Required action: The word "only" marks the lines to keep; find each one in the data and copy it.

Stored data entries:
┏━━
lemma has_real_derivative_along_line:
  fixes f :: "'a::real_normed_vector \<Rightarrow> real"
  assumes "(f has_derivative f') (at (x + t *\<^sub>R y))"
  shows "((\<lambda>t. f (x + t *\<^sub>R y)) has_real_derivative f' y) (at t)"
  using has_vector_derivative_along_line[OF assms]
  by (simp add: has_real_derivative_iff_has_vector_derivative)

lemma continuous_nonpos_at_endpoint:
  fixes p :: "real \<Rightarrow> real"
  assumes ab: "a \<le> b" and cont: "continuous_on {a..b} p" and pa: "p a \<le> 0"
    and no_last_zero: "\<And>t0. a \<le> t0 \<Longrightarrow> t0 < b \<Longrightarrow> p t0 = 0 \<Longrightarrow> (\<forall>t\<in>{t0<..b}. p t > 0) \<Longrightarrow> False"
  shows "p b \<le> 0"
proof (rule ccontr)
  assume pb: "\<not> p b \<le> 0"
  let ?S = "{t \<in> {a..b}. p t \<le> 0}"
  have "closed ?S"
    using continuous_on_closed_Collect_le[OF cont continuous_on_const closed_atLeastAtMost] by simp
  moreover have "bounded ?S" by (rule bounded_subset[of "{a..b}"]) auto
  ultimately have "compact ?S" using compact_eq_bounded_closed by blast
  moreover have "a \<in> ?S" using ab pa by auto
  ultimately obtain t0 where t0: "t0 \<in> ?S" and last: "\<forall>t\<in>?S. t \<le> t0"
    using compact_attains_sup[of ?S] by blast
  have t0b: "t0 < b" using t0 pb by (cases "t0 = b") auto
  have pos: "\<forall>t\<in>{t0<..b}. p t > 0"
  proof
    fix t assume "t \<in> {t0<..b}"
    then have "t \<in> {a..b}" "\<not> t \<le> t0" using t0 by auto
    then show "p t > 0" using last by force
  qed
  have "p t0 = 0"
  proof -
    have "continuous_on {t0..b} p" using cont t0 by (auto intro: continuous_on_subset)
    from IVT'[of p t0 0 b, OF _ _ _ this] obtain x where x: "t0 \<le> x" "x \<le> b" "p x = 0"
      using pb t0b t0 by force
    then have "x \<le> t0" using last t0 by auto
    with x show ?thesis by auto
  qed
  then show False using no_last_zero[of t0] t0 t0b pos by auto
qed
(* If $\mathbb{A}$ is a $C$-asymptotic set, then $\mathbb{A}$ is a $C$-pseudo-cone and $$\mathbb{A}=\bigcap_{v\in\Omega_{C^\circ}}H^-(v,h_{\mathbb{A}}(v)).$$
   Context: $C\subset\mathbb{R}^n$ ($n\ge2$) is a pointed closed convex cone with nonempty interior; $C^\circ=\{y:\langle x,y\rangle\le0\ \forall x\in C\}$; $\Omega_{C^\circ}=\mathbb{S}^{n-1}\cap\operatorname{int}C^\circ$. A $C$-asymptotic set is an unbounded closed convex set $\mathbb{A}\subset C$ with nonempty interior and $o\notin\mathbb{A}$ such that $\lim_{x\in\partial\mathbb{A},|x|\to\infty}d(x,\partial C)=0$. A $C$-pseudo-cone is a nonempty closed convex set $E$ with $o\notin E$, $\lambda x\in E$ for all $x\in E,\lambda\ge1$, and recession cone $\{x:E+x\subset E\}$ equal to $C$. $h_{\mathbb{A}}(v)=\sup_{x\in\mathbb{A}}\langle x,v\rangle$ and $H^-(v,\alpha)=\{x:\langle x,v\rangle\le\alpha\}$. *)

theory Defs
  imports "HOL-Analysis.Analysis"
begin

definition pointed_cone :: "'a::euclidean_space set \<Rightarrow> bool" where
  "pointed_cone C \<longleftrightarrow> cone C \<and> C \<inter> uminus ` C \<subseteq> {0}"

definition proper_cone :: "'a::euclidean_space set \<Rightarrow> bool" where
  "proper_cone C \<longleftrightarrow> pointed_cone C \<and> closed C \<and> convex C \<and> interior C \<noteq> {}"

definition polar :: "'a::euclidean_space set \<Rightarrow> 'a set" where
  "polar C = {y. \<forall>x\<in>C. x \<bullet> y \<le> 0}"

definition Omega_polar :: "'a::euclidean_space set \<Rightarrow> 'a set" where
  "Omega_polar C = sphere 0 1 \<inter> interior (polar C)"

definition C_asymptotic :: "'a::euclidean_space set \<Rightarrow> 'a set \<Rightarrow> bool" where
  "C_asymptotic C A \<longleftrightarrow> \<not> bounded A \<and> closed A \<and> convex A \<and> A \<subseteq> C \<and>
     interior A \<noteq> {} \<and> 0 \<notin> A \<and>
     (\<forall>e>0. \<exists>R. \<forall>x\<in>frontier A. norm x > R \<longrightarrow> infdist x (frontier C) < e)"

definition recession_cone :: "'a::euclidean_space set \<Rightarrow> 'a set" where
  "recession_cone E = {x. (\<lambda>y. y + x) ` E \<subseteq> E}"

definition C_pseudo_cone :: "'a::euclidean_space set \<Rightarrow> 'a set \<Rightarrow> bool" where
  "C_pseudo_cone C E \<longleftrightarrow> E \<noteq> {} \<and> closed E \<and> convex E \<and> 0 \<notin> E \<and>
     (\<forall>x\<in>E. \<forall>t::real. t \<ge> 1 \<longrightarrow> t *\<^sub>R x \<in> E) \<and> recession_cone E = C"

definition support_fun :: "'a::euclidean_space set \<Rightarrow> 'a \<Rightarrow> real" where
  "support_fun A v = (SUP x\<in>A. x \<bullet> v)"

definition halfspace_le :: "'a::euclidean_space \<Rightarrow> real \<Rightarrow> 'a set" where
  "halfspace_le v \<alpha> = {x. x \<bullet> v \<le> \<alpha>}"

end

theory Submission
  imports Defs
begin

text \<open>
Far out on its boundary, a C-asymptotic set A approaches the boundary of C. Hence, if a ball of
radius \<delta> around a far point m lies in A, the ray from m in a direction u of the interior of C can
leave A only through a boundary point m + t u of bounded norm; but m + t u lies in C at depth
at least t r (where the ball of radius r about u lies in C), which bounds t and contradicts the
distance of m from the origin. So interior directions of C, and by closedness all of C, are
recession directions of A, and A is a C-pseudo-cone. For the half-space representation, a point
outside A is separated from A by a linear functional; being bounded above on A it lies in the
polar of C, and a small perturbation towards an interior point of the polar followed by
normalisation yields a separating direction in Omega_polar C.
\<close>

section \<open>Convex cones\<close>

lemma convex_cone_ball_translate:
  fixes K :: "'a::real_normed_vector set"
  assumes "convex_cone K" "c \<in> K" "ball q \<delta> \<subseteq> K"
  shows "ball (c + q) \<delta> \<subseteq> K"
proof
  fix y
  assume "y \<in> ball (c + q) \<delta>"
  then have "y - c \<in> K"
    using assms(3) by (auto simp: dist_norm algebra_simps)
  then show "y \<in> K"
    using convex_cone_add[OF assms(1,2)] by force
qed

lemma convex_cone_ball_scale:
  fixes K :: "'a::real_normed_vector set"
  assumes "convex_cone K" "0 < t" "ball u r \<subseteq> K"
  shows "ball (t *\<^sub>R u) (t * r) \<subseteq> K"
proof -
  have "ball (t *\<^sub>R u) (t * r) = (*\<^sub>R) t ` ball u r"
    using ball_scale[of t u r] assms(2) by simp
  then show ?thesis
    using assms by (auto intro: convex_cone_scaleR)
qed

lemma convex_cone_interior_add:
  fixes K :: "'a::real_normed_vector set"
  assumes "convex_cone K" "x \<in> K" "y \<in> interior K"
  shows "x + y \<in> interior K"
  using assms convex_cone_ball_translate[OF assms(1,2)] by (meson mem_interior)

lemma convex_cone_interior_scaleR:
  fixes K :: "'a::real_normed_vector set"
  assumes "convex_cone K" "0 < c" "x \<in> interior K"
  shows "c *\<^sub>R x \<in> interior K"
proof -
  obtain r where "r > 0" "ball x r \<subseteq> K"
    using assms(3) mem_interior by blast
  then show ?thesis
    using convex_cone_ball_scale[OF assms(1,2)] assms(2) by (meson mem_interior mult_pos_pos)
qed

lemma sum_in_convex_cone:
  assumes "convex_cone K" "\<And>x. x \<in> S \<Longrightarrow> f x \<in> K"
  shows "sum f S \<in> K"
  using assms(2)
  by (induction S rule: infinite_finite_induct)
    (auto intro: convex_cone_add[OF assms(1)] convex_cone_contains_0[OF assms(1)])

lemma closed_convex_cone_asymptotic_direction:
  fixes K :: "'a::real_normed_vector set"
  assumes "closed K" "convex_cone K" "\<And>n::nat. p + real n *\<^sub>R u \<in> K"
  shows "u \<in> K"
proof -
  have mem: "inverse (real (Suc n)) *\<^sub>R p + u \<in> K" for n
  proof -
    have "inverse (real (Suc n)) *\<^sub>R (p + real (Suc n) *\<^sub>R u) \<in> K"
      by (rule convex_cone_scaleR[OF assms(2) _ assms(3)]) simp
    then show ?thesis
      by (simp only: scaleR_add_right scaleR_scaleR) simp
  qed
  have "(\<lambda>n. inverse (real (Suc n)) *\<^sub>R p + u) \<longlonglongrightarrow> 0 *\<^sub>R p + u"
    by (intro tendsto_intros LIMSEQ_inverse_real_of_nat)
  then have "(\<lambda>n. inverse (real (Suc n)) *\<^sub>R p + u) \<longlonglongrightarrow> u"
    by simp
  then show ?thesis
    by (rule closed_sequentially[OF assms(1), rotated]) (use mem in blast)
qed

section \<open>Proper cones and their polars\<close>

lemma proper_cone_convex_cone: "proper_cone C \<Longrightarrow> convex_cone C"
  unfolding proper_cone_def pointed_cone_def convex_cone_def cone_def conic_def
  using interior_subset by blast

lemma proper_cone_add_eq_0:
  assumes "proper_cone C" "x \<in> C" "y \<in> C" "x + y = 0"
  shows "x = 0"
proof -
  have "x \<in> uminus ` C"
    using assms(3,4) by (metis add_eq_0_iff image_eqI minus_minus)
  then show ?thesis
    using assms(1,2) unfolding proper_cone_def pointed_cone_def by blast
qed

lemma proper_cone_ball_radius_le:
  fixes C :: "'a::euclidean_space set"
  assumes "proper_cone C" "ball q \<rho> \<subseteq> C"
  shows "\<rho> \<le> norm q"
proof (rule ccontr)
  assume "\<not> \<rho> \<le> norm q"
  obtain e :: 'a where e: "e \<in> Basis"
    using nonempty_Basis by blast
  define x where "x = ((\<rho> - norm q) / 2) *\<^sub>R e"
  have nx: "norm x < \<rho> - norm q" "x \<noteq> 0"
    using \<open>\<not> \<rho> \<le> norm q\<close> e by (auto simp: x_def)
  have "x \<in> ball q \<rho>" "- x \<in> ball q \<rho>"
    using nx(1) norm_triangle_ineq4[of q x] norm_triangle_ineq[of q x]
    by (auto simp: dist_norm)
  then have "x \<in> C" "- x \<in> C"
    using assms(2) by auto
  then show False
    using proper_cone_add_eq_0[OF assms(1)] nx(2) by force
qed

lemma proper_cone_ray_depth:
  fixes C :: "'a::euclidean_space set"
  assumes pc: "proper_cone C" and "m \<in> C" "ball u r \<subseteq> C" "0 \<le> t"
  shows "t * r \<le> norm (m + t *\<^sub>R u)"
proof (cases "t = 0")
  case False
  have K: "convex_cone C"
    using pc by (rule proper_cone_convex_cone)
  have "ball (t *\<^sub>R u) (t * r) \<subseteq> C"
    using False assms(3,4) by (intro convex_cone_ball_scale[OF K]) auto
  then have "ball (m + t *\<^sub>R u) (t * r) \<subseteq> C"
    using assms(2) by (rule convex_cone_ball_translate[OF K, rotated])
  then show ?thesis
    by (rule proper_cone_ball_radius_le[OF pc])
qed simp

lemma zero_in_frontier_proper_cone:
  fixes C :: "'a::euclidean_space set"
  assumes "proper_cone C"
  shows "0 \<in> frontier C"
proof -
  have "0 \<notin> interior C"
    using proper_cone_ball_radius_le[OF assms] by (force simp: mem_interior)
  moreover have "closed C" "0 \<in> C"
    using assms convex_cone_contains_0[OF proper_cone_convex_cone[OF assms]]
    by (auto simp: proper_cone_def)
  ultimately show ?thesis
    by (simp add: frontier_def)
qed

lemma convex_cone_polar: "convex_cone (polar C)"
proof -
  have "polar C = (\<Inter>x\<in>C. {y. x \<bullet> y \<le> 0})"
    by (auto simp: polar_def)
  then show ?thesis
    by (auto intro: convex_cone_Inter convex_cone_halfspace_le)
qed

lemma zero_notin_convex_hull_proper_cone_sphere:
  fixes C :: "'a::euclidean_space set"
  assumes "proper_cone C"
  shows "0 \<notin> convex hull (C \<inter> sphere 0 1)"
proof
  assume "0 \<in> convex hull (C \<inter> sphere 0 1)"
  then obtain S u where S: "finite S" "S \<subseteq> C \<inter> sphere 0 1" "\<forall>x\<in>S. 0 \<le> u x"
    "sum u S = 1" "(\<Sum>v\<in>S. u v *\<^sub>R v) = 0"
    unfolding convex_hull_explicit by blast
  have "\<exists>x\<in>S. u x \<noteq> 0"
    using S(4) by (metis sum.neutral zero_neq_one)
  then obtain x where x: "x \<in> S" "u x > 0"
    using S(3) by force
  have K: "convex_cone C"
    using assms by (rule proper_cone_convex_cone)
  have "u x *\<^sub>R x + (\<Sum>v\<in>S - {x}. u v *\<^sub>R v) = 0"
    using S(1,5) x(1) by (simp add: sum.remove)
  moreover have "u x *\<^sub>R x \<in> C" "(\<Sum>v\<in>S - {x}. u v *\<^sub>R v) \<in> C"
    using S(2,3) x by (auto intro!: sum_in_convex_cone[OF K] convex_cone_scaleR[OF K])
  ultimately have "u x *\<^sub>R x = 0"
    using proper_cone_add_eq_0[OF assms] by blast
  then show False
    using x S(2) by auto
qed
(* Let $\varphi$ be a real-valued Orlicz integrand. Then $C_\varphi(\mu)$ and $C^\sigma_\varphi(\mu)$ are almost decomposable with respect to $\mu$.
   Context: $(\Omega,\mathcal{A},\mu)$ measure space with nontrivial positive measure, $X$ real Banach space. Orlicz integrand: $\varphi\colon\Omega\times X\to[0,\infty]$ with $\varphi(\omega,\cdot)$ even, convex, lsc, proper, $\varphi(\omega,x)\to0$ as $x\to0$, $\varphi(\omega,x)\to\infty$ as $\|x\|\to\infty$ for a.e. $\omega$, and restriction to $A\times W$ being $\mathcal{A}(A)\otimes\mathcal{B}(W)$-measurable for every set $A$ that is a union of countably many atoms and a $\sigma$-finite set and every separable $W\subset X$; real-valued means $\varphi(\omega,x)<\infty$ for all $x$ and a.e. $\omega$. $L_\varphi(\mu)$: a.e.-classes of strongly measurable $u$ with finite Luxemburg norm $\|u\|_\varphi=\inf\{\alpha>0:\int\varphi(\omega,u/\alpha)d\mu\le1\}$. $C_\varphi(\mu)$: $u\in L_\varphi(\mu)$ with $\|u\chi_{E_n}\|_\varphi\to0$ for every sequence $E_n\in\mathcal{A}$ with $\chi_{E_n}\to0$ a.e.; $C^\sigma_\varphi(\mu)$: its elements vanishing outside a $\sigma$-finite set. A space $S$ of measurable functions $\Omega\to X$ is almost decomposable if for every $u_0\in S$, $F\in\mathcal{A}$ with $\mu(F)<\infty$, $\varepsilon>0$ and bounded strongly measurable $u_1\colon F\to X$ there is measurable $F_\varepsilon\subset F$ with $\mu(F\setminus F_\varepsilon)<\varepsilon$ and $u_0\chi_{\Omega\setminus F_\varepsilon}+u_1\chi_{F_\varepsilon}\in S$. *)

theory Defs
  imports "HOL-Analysis.Analysis"
begin

definition is_atom :: "'a measure \<Rightarrow> 'a set \<Rightarrow> bool" where
  "is_atom M A \<longleftrightarrow> A \<in> sets M \<and> emeasure M A > 0 \<and>
     (\<forall>B\<in>sets M. B \<subseteq> A \<longrightarrow> emeasure M B = 0 \<or> emeasure M (A - B) = 0)"

definition sigma_finite_set :: "'a measure \<Rightarrow> 'a set \<Rightarrow> bool" where
  "sigma_finite_set M S \<longleftrightarrow>
     (\<exists>An::nat \<Rightarrow> 'a set. (\<forall>n. An n \<in> sets M \<and> emeasure M (An n) < \<infinity>) \<and> S = (\<Union>n. An n))"

definition atoms_sigma_set :: "'a measure \<Rightarrow> 'a set \<Rightarrow> bool" where
  "atoms_sigma_set M A \<longleftrightarrow>
     (\<exists>C S. countable C \<and> (\<forall>B\<in>C. is_atom M B) \<and> sigma_finite_set M S \<and> A = \<Union>C \<union> S)"

definition separable_set :: "'b::metric_space set \<Rightarrow> bool" where
  "separable_set W \<longleftrightarrow> (\<exists>D. countable D \<and> D \<subseteq> W \<and> W \<subseteq> closure D)"

definition strongly_measurable :: "'a measure \<Rightarrow> ('a \<Rightarrow> 'b::real_normed_vector) \<Rightarrow> bool" where
  "strongly_measurable M u \<longleftrightarrow>
     (\<exists>s::nat \<Rightarrow> 'a \<Rightarrow> 'b. (\<forall>n. simple_function M (s n)) \<and>
        (\<forall>\<omega>\<in>space M. (\<lambda>n. s n \<omega>) \<longlonglongrightarrow> u \<omega>))"

definition orlicz_integrand :: "'a measure \<Rightarrow> ('a \<Rightarrow> 'b::banach \<Rightarrow> ennreal) \<Rightarrow> bool" where
  "orlicz_integrand M \<phi> \<longleftrightarrow>
     (AE \<omega> in M.
        (\<forall>x. \<phi> \<omega> (- x) = \<phi> \<omega> x) \<and>
        (\<forall>x y t. 0 \<le> t \<and> t \<le> 1 \<longrightarrow>
            \<phi> \<omega> (t *\<^sub>R x + (1 - t) *\<^sub>R y) \<le> ennreal t * \<phi> \<omega> x + ennreal (1 - t) * \<phi> \<omega> y) \<and>
        (\<forall>c. closed {x. \<phi> \<omega> x \<le> c}) \<and>
        (\<exists>x. \<phi> \<omega> x < \<infinity>) \<and>
        (\<phi> \<omega> \<longlongrightarrow> 0) (at 0) \<and>
        (\<phi> \<omega> \<longlongrightarrow> \<infinity>) at_infinity) \<and>
     (\<forall>A W. atoms_sigma_set M A \<and> separable_set W \<longrightarrow>
        (\<lambda>(\<omega>, x). \<phi> \<omega> x) \<in> borel_measurable (restrict_space M A \<Otimes>\<^sub>M restrict_space borel W))"

definition real_valued_integrand :: "'a measure \<Rightarrow> ('a \<Rightarrow> 'b \<Rightarrow> ennreal) \<Rightarrow> bool" where
  "real_valued_integrand M \<phi> \<longleftrightarrow> (AE \<omega> in M. \<forall>x. \<phi> \<omega> x < \<infinity>)"

definition lux_set :: "'a measure \<Rightarrow> ('a \<Rightarrow> 'b::real_normed_vector \<Rightarrow> ennreal) \<Rightarrow> ('a \<Rightarrow> 'b) \<Rightarrow> real set" where
  "lux_set M \<phi> u = {\<alpha>. \<alpha> > 0 \<and> (\<integral>\<^sup>+ \<omega>. \<phi> \<omega> ((1 / \<alpha>) *\<^sub>R u \<omega>) \<partial>M) \<le> 1}"

text \<open>Luxemburg norm (meaningful when the set is nonempty).\<close>
definition lux_norm :: "'a measure \<Rightarrow> ('a \<Rightarrow> 'b::real_normed_vector \<Rightarrow> ennreal) \<Rightarrow> ('a \<Rightarrow> 'b) \<Rightarrow> real" where
  "lux_norm M \<phi> u = Inf (lux_set M \<phi> u)"

definition L_phi :: "'a measure \<Rightarrow> ('a \<Rightarrow> 'b::real_normed_vector \<Rightarrow> ennreal) \<Rightarrow> ('a \<Rightarrow> 'b) set" where
  "L_phi M \<phi> = {u. strongly_measurable M u \<and> lux_set M \<phi> u \<noteq> {}}"

definition C_phi :: "'a measure \<Rightarrow> ('a \<Rightarrow> 'b::real_normed_vector \<Rightarrow> ennreal) \<Rightarrow> ('a \<Rightarrow> 'b) set" where
  "C_phi M \<phi> = {u \<in> L_phi M \<phi>.
     \<forall>E::nat \<Rightarrow> 'a set. (\<forall>n. E n \<in> sets M) \<and>
        (AE \<omega> in M. (\<lambda>n. indicator (E n) \<omega> :: real) \<longlonglongrightarrow> 0) \<longrightarrow>
        (\<lambda>n. lux_norm M \<phi> (\<lambda>\<omega>. indicator (E n) \<omega> *\<^sub>R u \<omega>)) \<longlonglongrightarrow> 0}"

definition C_sigma_phi :: "'a measure \<Rightarrow> ('a \<Rightarrow> 'b::real_normed_vector \<Rightarrow> ennreal) \<Rightarrow> ('a \<Rightarrow> 'b) set" where
  "C_sigma_phi M \<phi> = {u \<in> C_phi M \<phi>.
     \<exists>S. sigma_finite_set M S \<and> (AE \<omega> in M. \<omega> \<notin> S \<longrightarrow> u \<omega> = 0)}"

definition almost_decomposable :: "'a measure \<Rightarrow> ('a \<Rightarrow> 'b::real_normed_vector) set \<Rightarrow> bool" where
  "almost_decomposable M S \<longleftrightarrow>
     (\<forall>u0\<in>S. \<forall>F\<in>sets M. emeasure M F < \<infinity> \<longrightarrow> (\<forall>\<epsilon>::real. \<epsilon> > 0 \<longrightarrow>
        (\<forall>u1. strongly_measurable (restrict_space M F) u1 \<and> bounded (u1 ` F) \<longrightarrow>
          (\<exists>F\<epsilon>. F\<epsilon> \<in> sets M \<and> F\<epsilon> \<subseteq> F \<and> emeasure M (F - F\<epsilon>) < ennreal \<epsilon> \<and>
                (\<lambda>\<omega>. if \<omega> \<in> F\<epsilon> then u1 \<omega> else u0 \<omega>) \<in> S))))"

end

theory Submission
  imports Defs
begin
┗━━
Response area:
leave A only through a boundary point m + t u of bounded norm; but m + t u lies in C at depth
      by (simp only: scaleR_add_right scaleR_scaleR) simp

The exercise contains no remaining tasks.